(Saved entries)
[Start of Attachment]
lemma loglogistic_quantile_pos:
  "\<alpha> > 0 \<Longrightarrow> u \<in> {0<..<1} \<Longrightarrow> loglogistic_quantile \<alpha> \<beta> u > 0"
  by (simp add: loglogistic_quantile_def)

lemma loglogistic_cdf_quantile:
  assumes "\<alpha> > 0" "\<beta> > 0" "u \<in> {0<..<1}"
  shows "loglogistic_cdf \<alpha> \<beta> (loglogistic_quantile \<alpha> \<beta> u) = u"
  using assms by (simp add: loglogistic_cdf_def loglogistic_quantile_def powr_powr field_simps)

lemma loglogistic_quantile_cdf:
  assumes "\<alpha> > 0" "\<beta> > 0" "x > 0"
  shows "loglogistic_quantile \<alpha> \<beta> (loglogistic_cdf \<alpha> \<beta> x) = x"
proof -
  have "t / (1 + t) / (1 - t / (1 + t)) = t" if "t > 0" for t :: real
    using that by (simp add: field_simps)
  then have "loglogistic_cdf \<alpha> \<beta> x / (1 - loglogistic_cdf \<alpha> \<beta> x) = (x / \<alpha>) powr \<beta>"
    using assms unfolding loglogistic_cdf_def by simp
  then show ?thesis
    using assms by (simp add: loglogistic_quantile_def powr_powr)
qed

lemma bij_betw_loglogistic_quantile:
  assumes "\<alpha> > 0" "\<beta> > 0"
  shows "bij_betw (loglogistic_quantile \<alpha> \<beta>) {0<..<1} {0<..}"
proof (rule bij_betw_byWitness[where f' = "loglogistic_cdf \<alpha> \<beta>"])
  have "loglogistic_cdf \<alpha> \<beta> x \<in> {0<..<1}" if "x > 0" for x
  proof -
    define t where "t = (x / \<alpha>) powr \<beta>"
    have "t > 0" using assms that by (simp add: t_def)
    then show ?thesis unfolding loglogistic_cdf_def t_def[symmetric] by simp
  qed
  then show "loglogistic_cdf \<alpha> \<beta> ` {0<..} \<subseteq> {0<..<1}" by auto
qed (use assms loglogistic_cdf_quantile loglogistic_quantile_cdf loglogistic_quantile_pos in auto)

lemma loglogistic_quantile_has_derivative:
  assumes "\<beta> > 0" "u \<in> {0<..<1}"
  shows "(loglogistic_quantile \<alpha> \<beta> has_field_derivative
           loglogistic_quantile \<alpha> \<beta> u / (\<beta> * u * (1 - u))) (at u within S)"
proof -
  define s where "s = u / (1 - u)"
  have u: "u > 0" "1 - u > 0" "s > 0" using assms by (auto simp: s_def)
  have odds: "((\<lambda>u. u / (1 - u)) has_real_derivative 1 / (1 - u)\<^sup>2) (at u within S)"
    using u by (auto intro!: derivative_eq_intros simp: field_simps power2_eq_square)
  have root: "((\<lambda>v. \<alpha> * v powr (1 / \<beta>)) has_real_derivative
      \<alpha> * (1 / \<beta> * s powr (1 / \<beta> - 1))) (at s)"
    using u by (intro DERIV_cmult has_real_derivative_powr)
  have "\<alpha> * (1 / \<beta> * s powr (1 / \<beta> - 1)) * (1 / (1 - u)\<^sup>2)
        = loglogistic_quantile \<alpha> \<beta> u / (\<beta> * u * (1 - u))"
    using u by (simp add: loglogistic_quantile_def s_def[symmetric] powr_diff)
      (simp add: s_def field_simps power2_eq_square)
  then show ?thesis
    using DERIV_chain2[OF root[unfolded s_def] odds]
    by (simp add: loglogistic_quantile_def[abs_def] s_def)
qed

lemma loglogistic_quantile_jacobian:
  assumes "\<alpha> > 0" "\<beta> > 0" "u \<in> {0<..<1}"
  shows "loglogistic_quantile \<alpha> \<beta> u / (\<beta> * u * (1 - u))
           = \<alpha> / \<beta> * u powr (1 / \<beta> - 1) / (1 - u) powr (1 / \<beta> + 1)"
  using assms by (simp add: loglogistic_quantile_def powr_divide powr_diff powr_add)

lemma loglogistic_quantile_substitution:
  fixes H :: "real \<Rightarrow> real"
  assumes "\<alpha> > 0" "\<beta> > 0"
    and "((\<lambda>u. loglogistic_quantile \<alpha> \<beta> u / (\<beta> * u * (1 - u))
                  * H (loglogistic_quantile \<alpha> \<beta> u)) has_integral I) {0<..<1}"
    and "\<And>u. u \<in> {0<..<1} \<Longrightarrow> H (loglogistic_quantile \<alpha> \<beta> u) \<ge> 0"
  shows "H absolutely_integrable_on {0<..}" "integral {0<..} H = I"
proof -
  let ?g' = "\<lambda>u. loglogistic_quantile \<alpha> \<beta> u / (\<beta> * u * (1 - u))"
  have g'_pos: "?g' u > 0" if "u \<in> {0<..<1}" for u
    using that assms loglogistic_quantile_pos[of \<alpha> u \<beta>] by simp
  have "((\<lambda>u. \<bar>?g' u\<bar> * H (loglogistic_quantile \<alpha> \<beta> u)) has_integral I) {0<..<1}"
    using assms(3) by (rule has_integral_cong[THEN iffD2, rotated])
      (use g'_pos in \<open>simp only: abs_of_pos\<close>)
  moreover have "(\<lambda>u. \<bar>?g' u\<bar> * H (loglogistic_quantile \<alpha> \<beta> u))
      absolutely_integrable_on {0<..<1}"
    using calculation g'_pos assms(4)
    by (intro nonnegative_absolutely_integrable_1) (auto simp: has_integral_integrable)
  ultimately have "H absolutely_integrable_on loglogistic_quantile \<alpha> \<beta> ` {0<..<1}
      \<and> integral (loglogistic_quantile \<alpha> \<beta> ` {0<..<1}) H = I"
    using has_absolute_integral_change_of_variables_1'[OF _ loglogistic_quantile_has_derivative
        bij_betw_imp_inj_on[OF bij_betw_loglogistic_quantile[OF assms(1,2)]]] assms(2)
    by (auto simp: integral_unique)
  then show "H absolutely_integrable_on {0<..}" "integral {0<..} H = I"
    using bij_betw_imp_surj_on[OF bij_betw_loglogistic_quantile[OF assms(1,2)]] by auto
qed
[End of Attachment]
* [EXERCISE DESCRIPTION]:
Whenever the word "lemma" shows up in a line of the entries, copy that line.

* [SOLUTION TO THE PROBLEM]:
lemma loglogistic_quantile_pos:
lemma loglogistic_cdf_quantile:
lemma loglogistic_quantile_cdf:
lemma bij_betw_loglogistic_quantile:
lemma loglogistic_quantile_has_derivative:
lemma loglogistic_quantile_jacobian:
lemma loglogistic_quantile_substitution:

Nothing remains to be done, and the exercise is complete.